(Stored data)
______________________________

lemma
  fixes f :: "int \<Rightarrow> real \<Rightarrow> real"
  assumes S: "finite S" and f: "\<And>n. n \<in> S \<Longrightarrow> integrable std_gauss (f n)"
  shows integrable_prod_coordinates_nu0: "integrable nu0 (\<lambda>x. \<Prod>n\<in>S. f n (x n))"
    and integral_prod_coordinates_nu0: "(\<integral>x. (\<Prod>n\<in>S. f n (x n)) \<partial>nu0) = (\<Prod>n\<in>S. integral\<^sup>L std_gauss (f n))"
proof -
  let ?P = "PiM S (\<lambda>_. std_gauss)"
  have restrict: "(\<lambda>x. restrict x S) \<in> measurable nu0 ?P"
    unfolding nu0_eq_PiM by (rule measurable_restrict_subset) simp
  have "(\<lambda>y. f n (y n)) \<in> borel_measurable ?P" if "n \<in> S" for n
    using measurable_compose[OF measurable_component_singleton[OF that] borel_measurable_integrable[OF f[OF that]]]
    by simp
  then have meas: "(\<lambda>y. \<Prod>n\<in>S. f n (y n)) \<in> borel_measurable ?P"
    by (rule borel_measurable_prod)
  have distr: "distr nu0 ?P (\<lambda>x. restrict x S) = ?P"
    unfolding nu0_eq_PiM by (rule gauss_product.distr_PiM_restrict_finite[OF S]) simp
  have restrict_prod: "(\<lambda>x. \<Prod>n\<in>S. f n (restrict x S n)) = (\<lambda>x. \<Prod>n\<in>S. f n (x n))"
    by (intro ext prod.cong) auto
  show "integrable nu0 (\<lambda>x. \<Prod>n\<in>S. f n (x n))"
    using gauss_product.product_integrable_prod[OF S f] integrable_distr_eq[OF restrict meas]
    unfolding distr restrict_prod by simp
  show "(\<integral>x. (\<Prod>n\<in>S. f n (x n)) \<partial>nu0) = (\<Prod>n\<in>S. integral\<^sup>L std_gauss (f n))"
    using gauss_product.product_integral_prod[OF S f] integral_distr[OF restrict meas]
    unfolding distr restrict_prod by simp
qed

definition hermite_sqnorm :: "(int \<Rightarrow> nat) \<Rightarrow> real" where
  "hermite_sqnorm I = (\<Prod>n\<in>supp I. 1 / fact (I n))"

lemma hermite_sqnorm_pos: "hermite_sqnorm I > 0"
  unfolding hermite_sqnorm_def by (rule prod_pos) simp

lemma
  assumes I: "multi_index I" and J: "multi_index J"
  shows integrable_hermite_multi_mult: "integrable nu0 (\<lambda>x. hermite_multi I x * hermite_multi J x)"
    and hermite_multi_orthogonal:
      "(\<integral>x. hermite_multi I x * hermite_multi J x \<partial>nu0) = (if I = J then hermite_sqnorm I else 0)"
proof -
  define S where "S = supp I \<union> supp J"
  have S: "finite S"
    using I J by (simp add: S_def multi_index_def)
  have eq: "(\<lambda>x. hermite_multi I x * hermite_multi J x) = (\<lambda>x. \<Prod>n\<in>S. hermite (I n) (x n) * hermite (J n) (x n))"
    using hermite_multi_eq_prod_superset[OF S, of I] hermite_multi_eq_prod_superset[OF S, of J]
    by (auto simp: S_def prod.distrib)
  have int: "integrable std_gauss (\<lambda>t. hermite i t * hermite j t)" for i j
    unfolding hermite_eq_poly by (simp flip: poly_mult add: integrable_divide_zero)
  show "integrable nu0 (\<lambda>x. hermite_multi I x * hermite_multi J x)"
    unfolding eq using int by (intro integrable_prod_coordinates_nu0[OF S])
  have "(\<integral>x. hermite_multi I x * hermite_multi J x \<partial>nu0) = (\<Prod>n\<in>S. if I n = J n then 1 / fact (I n) else 0)"
    unfolding eq integral_prod_coordinates_nu0[OF S int] by (simp add: hermite_orthogonal)
  also have "\<dots> = (if I = J then hermite_sqnorm I else 0)"
  proof (cases "I = J")
    case True
    then show ?thesis
      unfolding hermite_sqnorm_def S_def by simp
  next
    case False
    then obtain n where n: "I n \<noteq> J n" by auto
    then have "n \<in> S" by (auto simp: S_def supp_def)
    then show ?thesis
      using False n S by (auto simp: prod_zero_iff)
  qed
  finally show "(\<integral>x. hermite_multi I x * hermite_multi J x \<partial>nu0) = (if I = J then hermite_sqnorm I else 0)" .
qed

______________________________

-- Try it --
Retype the first line of the entries and every line after it, please, through the line that contains "by (rule borel_measurable_prod)". Add nothing.

-- Reply to the exercise --
lemma
  fixes f :: "int \<Rightarrow> real \<Rightarrow> real"
  assumes S: "finite S" and f: "\<And>n. n \<in> S \<Longrightarrow> integrable std_gauss (f n)"
  shows integrable_prod_coordinates_nu0: "integrable nu0 (\<lambda>x. \<Prod>n\<in>S. f n (x n))"
    and integral_prod_coordinates_nu0: "(\<integral>x. (\<Prod>n\<in>S. f n (x n)) \<partial>nu0) = (\<Prod>n\<in>S. integral\<^sup>L std_gauss (f n))"
proof -
  let ?P = "PiM S (\<lambda>_. std_gauss)"
  have restrict: "(\<lambda>x. restrict x S) \<in> measurable nu0 ?P"
    unfolding nu0_eq_PiM by (rule measurable_restrict_subset) simp
  have "(\<lambda>y. f n (y n)) \<in> borel_measurable ?P" if "n \<in> S" for n
    using measurable_compose[OF measurable_component_singleton[OF that] borel_measurable_integrable[OF f[OF that]]]
    by simp
  then have meas: "(\<lambda>y. \<Prod>n\<in>S. f n (y n)) \<in> borel_measurable ?P"
    by (rule borel_measurable_prod)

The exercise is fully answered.